Listed records below:

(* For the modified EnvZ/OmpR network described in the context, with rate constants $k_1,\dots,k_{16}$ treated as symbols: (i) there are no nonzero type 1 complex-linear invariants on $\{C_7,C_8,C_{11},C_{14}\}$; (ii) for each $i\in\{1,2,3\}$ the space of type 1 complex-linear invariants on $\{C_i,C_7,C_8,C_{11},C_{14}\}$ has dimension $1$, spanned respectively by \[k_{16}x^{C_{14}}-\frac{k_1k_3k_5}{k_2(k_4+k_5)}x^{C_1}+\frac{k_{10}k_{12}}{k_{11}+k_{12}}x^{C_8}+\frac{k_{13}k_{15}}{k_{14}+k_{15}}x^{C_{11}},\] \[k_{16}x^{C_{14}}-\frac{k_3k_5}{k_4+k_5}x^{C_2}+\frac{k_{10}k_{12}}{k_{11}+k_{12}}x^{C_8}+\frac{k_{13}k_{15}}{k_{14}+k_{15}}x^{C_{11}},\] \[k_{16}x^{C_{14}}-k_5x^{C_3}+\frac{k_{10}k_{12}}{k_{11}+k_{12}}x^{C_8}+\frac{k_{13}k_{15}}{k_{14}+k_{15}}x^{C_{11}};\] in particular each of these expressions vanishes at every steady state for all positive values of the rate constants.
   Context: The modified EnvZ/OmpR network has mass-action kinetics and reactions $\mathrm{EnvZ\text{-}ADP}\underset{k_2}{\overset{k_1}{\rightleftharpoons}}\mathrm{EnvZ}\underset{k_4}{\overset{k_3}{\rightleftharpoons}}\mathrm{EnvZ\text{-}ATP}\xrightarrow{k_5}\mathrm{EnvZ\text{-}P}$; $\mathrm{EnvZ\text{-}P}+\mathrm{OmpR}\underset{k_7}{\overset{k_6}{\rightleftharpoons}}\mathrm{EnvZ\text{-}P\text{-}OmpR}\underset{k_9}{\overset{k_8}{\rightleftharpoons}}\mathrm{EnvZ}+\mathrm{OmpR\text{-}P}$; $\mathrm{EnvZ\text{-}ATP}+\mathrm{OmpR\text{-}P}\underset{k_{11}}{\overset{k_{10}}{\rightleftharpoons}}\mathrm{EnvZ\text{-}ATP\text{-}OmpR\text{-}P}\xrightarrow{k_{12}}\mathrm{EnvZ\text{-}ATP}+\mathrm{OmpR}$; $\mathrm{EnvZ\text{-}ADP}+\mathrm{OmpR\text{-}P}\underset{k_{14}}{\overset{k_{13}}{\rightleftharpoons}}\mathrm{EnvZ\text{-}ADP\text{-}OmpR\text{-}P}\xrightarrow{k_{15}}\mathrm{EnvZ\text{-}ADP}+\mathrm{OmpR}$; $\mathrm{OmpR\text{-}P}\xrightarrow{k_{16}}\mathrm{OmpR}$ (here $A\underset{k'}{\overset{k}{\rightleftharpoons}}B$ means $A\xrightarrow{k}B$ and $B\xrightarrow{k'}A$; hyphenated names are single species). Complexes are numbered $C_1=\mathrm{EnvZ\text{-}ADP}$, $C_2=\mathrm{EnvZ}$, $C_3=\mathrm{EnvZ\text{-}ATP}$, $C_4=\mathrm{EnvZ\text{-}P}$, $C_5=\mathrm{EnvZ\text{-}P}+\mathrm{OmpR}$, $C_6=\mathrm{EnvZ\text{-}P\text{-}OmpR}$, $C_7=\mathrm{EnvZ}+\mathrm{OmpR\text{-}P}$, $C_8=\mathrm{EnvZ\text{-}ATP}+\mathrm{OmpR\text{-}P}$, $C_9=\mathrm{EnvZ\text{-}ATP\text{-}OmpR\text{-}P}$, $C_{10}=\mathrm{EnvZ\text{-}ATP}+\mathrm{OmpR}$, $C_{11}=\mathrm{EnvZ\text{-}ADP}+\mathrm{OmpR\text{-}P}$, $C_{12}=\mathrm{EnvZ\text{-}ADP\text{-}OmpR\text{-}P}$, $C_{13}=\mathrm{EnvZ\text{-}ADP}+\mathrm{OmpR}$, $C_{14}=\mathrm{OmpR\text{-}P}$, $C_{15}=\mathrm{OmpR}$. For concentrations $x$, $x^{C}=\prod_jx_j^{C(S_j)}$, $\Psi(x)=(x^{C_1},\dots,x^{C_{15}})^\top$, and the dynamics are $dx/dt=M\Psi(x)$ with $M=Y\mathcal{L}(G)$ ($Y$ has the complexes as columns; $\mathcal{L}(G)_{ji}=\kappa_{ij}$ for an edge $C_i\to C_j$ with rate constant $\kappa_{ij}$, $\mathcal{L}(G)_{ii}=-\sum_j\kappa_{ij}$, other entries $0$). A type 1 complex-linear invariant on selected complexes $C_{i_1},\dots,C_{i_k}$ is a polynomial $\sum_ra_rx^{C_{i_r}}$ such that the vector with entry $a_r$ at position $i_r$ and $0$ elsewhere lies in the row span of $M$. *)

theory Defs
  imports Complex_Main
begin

End of Listed records.

**Your assignment:** Keeping each line exactly as it is, retype all of the data.

**Task response:**
(* For the modified EnvZ/OmpR network described in the context, with rate constants $k_1,\dots,k_{16}$ treated as symbols: (i) there are no nonzero type 1 complex-linear invariants on $\{C_7,C_8,C_{11},C_{14}\}$; (ii) for each $i\in\{1,2,3\}$ the space of type 1 complex-linear invariants on $\{C_i,C_7,C_8,C_{11},C_{14}\}$ has dimension $1$, spanned respectively by \[k_{16}x^{C_{14}}-\frac{k_1k_3k_5}{k_2(k_4+k_5)}x^{C_1}+\frac{k_{10}k_{12}}{k_{11}+k_{12}}x^{C_8}+\frac{k_{13}k_{15}}{k_{14}+k_{15}}x^{C_{11}},\] \[k_{16}x^{C_{14}}-\frac{k_3k_5}{k_4+k_5}x^{C_2}+\frac{k_{10}k_{12}}{k_{11}+k_{12}}x^{C_8}+\frac{k_{13}k_{15}}{k_{14}+k_{15}}x^{C_{11}},\] \[k_{16}x^{C_{14}}-k_5x^{C_3}+\frac{k_{10}k_{12}}{k_{11}+k_{12}}x^{C_8}+\frac{k_{13}k_{15}}{k_{14}+k_{15}}x^{C_{11}};\] in particular each of these expressions vanishes at every steady state for all positive values of the rate constants.
   Context: The modified EnvZ/OmpR network has mass-action kinetics and reactions $\mathrm{EnvZ\text{-}ADP}\underset{k_2}{\overset{k_1}{\rightleftharpoons}}\mathrm{EnvZ}\underset{k_4}{\overset{k_3}{\rightleftharpoons}}\mathrm{EnvZ\text{-}ATP}\xrightarrow{k_5}\mathrm{EnvZ\text{-}P}$; $\mathrm{EnvZ\text{-}P}+\mathrm{OmpR}\underset{k_7}{\overset{k_6}{\rightleftharpoons}}\mathrm{EnvZ\text{-}P\text{-}OmpR}\underset{k_9}{\overset{k_8}{\rightleftharpoons}}\mathrm{EnvZ}+\mathrm{OmpR\text{-}P}$; $\mathrm{EnvZ\text{-}ATP}+\mathrm{OmpR\text{-}P}\underset{k_{11}}{\overset{k_{10}}{\rightleftharpoons}}\mathrm{EnvZ\text{-}ATP\text{-}OmpR\text{-}P}\xrightarrow{k_{12}}\mathrm{EnvZ\text{-}ATP}+\mathrm{OmpR}$; $\mathrm{EnvZ\text{-}ADP}+\mathrm{OmpR\text{-}P}\underset{k_{14}}{\overset{k_{13}}{\rightleftharpoons}}\mathrm{EnvZ\text{-}ADP\text{-}OmpR\text{-}P}\xrightarrow{k_{15}}\mathrm{EnvZ\text{-}ADP}+\mathrm{OmpR}$; $\mathrm{OmpR\text{-}P}\xrightarrow{k_{16}}\mathrm{OmpR}$ (here $A\underset{k'}{\overset{k}{\rightleftharpoons}}B$ means $A\xrightarrow{k}B$ and $B\xrightarrow{k'}A$; hyphenated names are single species). Complexes are numbered $C_1=\mathrm{EnvZ\text{-}ADP}$, $C_2=\mathrm{EnvZ}$, $C_3=\mathrm{EnvZ\text{-}ATP}$, $C_4=\mathrm{EnvZ\text{-}P}$, $C_5=\mathrm{EnvZ\text{-}P}+\mathrm{OmpR}$, $C_6=\mathrm{EnvZ\text{-}P\text{-}OmpR}$, $C_7=\mathrm{EnvZ}+\mathrm{OmpR\text{-}P}$, $C_8=\mathrm{EnvZ\text{-}ATP}+\mathrm{OmpR\text{-}P}$, $C_9=\mathrm{EnvZ\text{-}ATP\text{-}OmpR\text{-}P}$, $C_{10}=\mathrm{EnvZ\text{-}ATP}+\mathrm{OmpR}$, $C_{11}=\mathrm{EnvZ\text{-}ADP}+\mathrm{OmpR\text{-}P}$, $C_{12}=\mathrm{EnvZ\text{-}ADP\text{-}OmpR\text{-}P}$, $C_{13}=\mathrm{EnvZ\text{-}ADP}+\mathrm{OmpR}$, $C_{14}=\mathrm{OmpR\text{-}P}$, $C_{15}=\mathrm{OmpR}$. For concentrations $x$, $x^{C}=\prod_jx_j^{C(S_j)}$, $\Psi(x)=(x^{C_1},\dots,x^{C_{15}})^\top$, and the dynamics are $dx/dt=M\Psi(x)$ with $M=Y\mathcal{L}(G)$ ($Y$ has the complexes as columns; $\mathcal{L}(G)_{ji}=\kappa_{ij}$ for an edge $C_i\to C_j$ with rate constant $\kappa_{ij}$, $\mathcal{L}(G)_{ii}=-\sum_j\kappa_{ij}$, other entries $0$). A type 1 complex-linear invariant on selected complexes $C_{i_1},\dots,C_{i_k}$ is a polynomial $\sum_ra_rx^{C_{i_r}}$ such that the vector with entry $a_r$ at position $i_r$ and $0$ elsewhere lies in the row span of $M$. *)

theory Defs
  imports Complex_Main
begin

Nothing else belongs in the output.